──────── Data under study ────────
section \<open>Minimal counterexamples\<close>

lemma minimal_counterexample_matching_maximal:
  assumes mc: "minimal_counterexample V E pos \<gamma> S M \<phi>0" and uv: "{u, v} \<in> E"
    and f: "partial_matching f" "card (M u v) < card f"
    and sub: "M u v \<subseteq> f \<or> u \<in> S \<and> v \<in> S"
    and avoid: "u \<in> S \<Longrightarrow> v \<in> S \<Longrightarrow> (\<phi>0 u, \<phi>0 v) \<notin> f"
    and triangles:
      "\<And>w. {u, w} \<in> E \<Longrightarrow> {v, w} \<in> E \<Longrightarrow> consistent_triangle f (M v w) (M w u)"
  shows False
proof -
  have ce: "counterexample V E pos \<gamma> S M \<phi>0"
    using mc unfolding minimal_counterexample_def by blast
  then have sg: "simple_graph V E" and corr: "corr3 E M" and cons: "consistent_on_triangles E M"
    unfolding counterexample_def plane_graph_def by blast+
  have conv: "\<And>x y. M y x = (M x y)\<inverse>" by (rule corr3D(2)[OF corr])
  let ?M = "update_matching M u v f"
  have "counterexample V E pos \<gamma> S ?M \<phi>0"
    using counterexample_update_matching[OF ce uv f(1) sub avoid]
      consistent_on_triangles_update_matching[OF cons sg uv conv triangles] by blast
  moreover have "weight E ?M + card (M u v) = weight E M + card f"
    by (rule weight_update_matching[OF finite_edges[OF sg] uv simple_graph_edge_neq[OF sg uv]
          conv])
  then have "weight E M < weight E ?M" using f(2) by linarith
  ultimately show False using mc unfolding minimal_counterexample_def better_def by blast
qed

lemma minimal_counterexample_card_matching_no_triangle:
  assumes mc: "minimal_counterexample V E pos \<gamma> S M \<phi>0" and uv: "{u, v} \<in> E"
    and no_triangle: "\<nexists>w. {u, w} \<in> E \<and> {v, w} \<in> E"
  shows "card (M u v) = 3"
proof (rule ccontr)
  have "corr3 E M" using mc unfolding minimal_counterexample_def counterexample_def by blast
  then have M: "partial_matching (M u v)" by (rule corr3D)
  have triangles:
    "\<And>w. {u, w} \<in> E \<Longrightarrow> {v, w} \<in> E \<Longrightarrow> consistent_triangle f (M v w) (M w u)" for f
    using no_triangle by blast
  assume "card (M u v) \<noteq> 3"
  then have less: "card (M u v) < 3" using card_partial_matching_le_3[OF M] by linarith
  show False
  proof (cases "u \<in> S \<and> v \<in> S")
    case True
    obtain f where f: "partial_matching f" "card f = 3" "(\<phi>0 u, \<phi>0 v) \<notin> f"
      using perfect_matching_avoiding by blast
    have "card (M u v) < card f" using less f(2) by simp
    from minimal_counterexample_matching_maximal[OF mc uv f(1) this _ _ triangles]
    show False using True f(3) by blast
  next
    case False
    obtain c d where cd: "(c, d) \<notin> M u v" "partial_matching (insert (c, d) (M u v))"
      using partial_matching_insert[OF M less] by blast
    then have "card (M u v) < card (insert (c, d) (M u v))"
      using finite_partial_matching[OF M] by simp
    from minimal_counterexample_matching_maximal[OF mc uv cd(2) this _ _ triangles]
    show False using False by blast
  qed
qed

lemma minimal_counterexample_card_matching_triangle:
  assumes mc: "minimal_counterexample V E pos \<gamma> S M \<phi>0" and uv: "{u, v} \<in> E"
    and w: "{u, w} \<in> E" "{v, w} \<in> E"
  shows "2 \<le> card (M u v)"
proof (rule ccontr)
  have sg: "simple_graph V E" and nas: "no_adjacent_short_cycles E" and corr: "corr3 E M"
    and cons: "consistent_on_triangles E M"
    using mc unfolding minimal_counterexample_def counterexample_def plane_graph_def by blast+
  have M: "partial_matching (M u v)" "partial_matching (M v w)" "partial_matching (M w u)"
    using corr3D(1)[OF corr] by blast+
  have triangles:
    "\<And>w'. {u, w'} \<in> E \<Longrightarrow> {v, w'} \<in> E \<Longrightarrow> consistent_triangle f (M v w') (M w' u)"
    if "consistent_triangle f (M v w) (M w u)" for f
    using common_neighbour_unique[OF sg nas uv w] that by blast
  assume "\<not> 2 \<le> card (M u v)"
  then have le1: "card (M u v) \<le> 1" by linarith
  show False
  proof (cases "u \<in> S \<and> v \<in> S")
    case True
    obtain f where f: "partial_matching f" "2 \<le> card f" "(\<phi>0 u, \<phi>0 v) \<notin> f"
      "consistent_triangle f (M v w) (M w u)"
      using consistent_matching_avoiding[OF M(2,3)] by blast
    have "card (M u v) < card f" using le1 f(2) by linarith
    from minimal_counterexample_matching_maximal[OF mc uv f(1) this _ _ triangles[OF f(4)]]
    show False using True f(3) by blast
  next
    case False
    have "{w, u} \<in> E" using w(1) by (simp add: insert_commute)
    then have "consistent_triangle (M u v) (M v w) (M w u)"
      by (rule consistent_triangle_of_consistent_on_triangles[OF cons uv w(2)])
    then obtain f
      where f: "M u v \<subset> f" "partial_matching f" "consistent_triangle f (M v w) (M w u)"
      using consistent_matching_insert[OF M(1) le1 M(2,3)] by blast
    have "card (M u v) < card f"
      using psubset_card_mono[OF finite_partial_matching[OF f(2)] f(1)] .
    from minimal_counterexample_matching_maximal[OF mc uv f(2) this _ _ triangles[OF f(3)]]
    show False using False f(1) by blast
  qed
qed

theorem mainTheorem5:
  fixes V :: "'a set" and E :: "'a set set" and pos :: "'a \<Rightarrow> complex"
    and \<gamma> :: "'a set \<Rightarrow> real \<Rightarrow> complex" and S :: "'a set"
    and M :: "'a \<Rightarrow> 'a \<Rightarrow> (nat \<times> nat) set" and \<phi>0 :: "'a \<Rightarrow> nat"
    and D :: "complex set" and u v :: 'a
  assumes "minimal_counterexample V E pos \<gamma> S M \<phi>0"
    and "D \<in> faces V E pos \<gamma>" and "\<not> bounded D"
    and "S = face_vertices V pos D"
    and "{u, v} \<in> E" and "{u, v} \<notin> face_edges E \<gamma> D"
  shows "card (C_edges M {u, v}) \<ge> 2 \<and>
         ((\<nexists>w. {u, w} \<in> E \<and> {v, w} \<in> E) \<longrightarrow> card (C_edges M {u, v}) = 3)"
proof -
  note mc = assms(1) and uv = assms(5)
  have sg: "simple_graph V E" and corr: "corr3 E M"
    using mc unfolding minimal_counterexample_def counterexample_def plane_graph_def by blast+
  have card_eq: "card (C_edges M {u, v}) = card (M u v)"
    using card_C_edges[OF simple_graph_edge_neq[OF sg uv] corr3D(2)[OF corr]] .
  have no_triangle: "(\<nexists>w. {u, w} \<in> E \<and> {v, w} \<in> E) \<Longrightarrow> card (M u v) = 3"
    using minimal_counterexample_card_matching_no_triangle[OF mc uv] .
  have "2 \<le> card (M u v)"
  proof (cases "\<exists>w. {u, w} \<in> E \<and> {v, w} \<in> E")
    case True
    then show ?thesis using minimal_counterexample_card_matching_triangle[OF mc uv] by blast
  next
    case False
    then show ?thesis using no_triangle by simp
  qed
  then show ?thesis using card_eq no_triangle by simp
qed

end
────────
* **Goal of the exercise**
A bare number is the whole answer: how many lines in the entries contain "then"?

* **Answer to this task**
11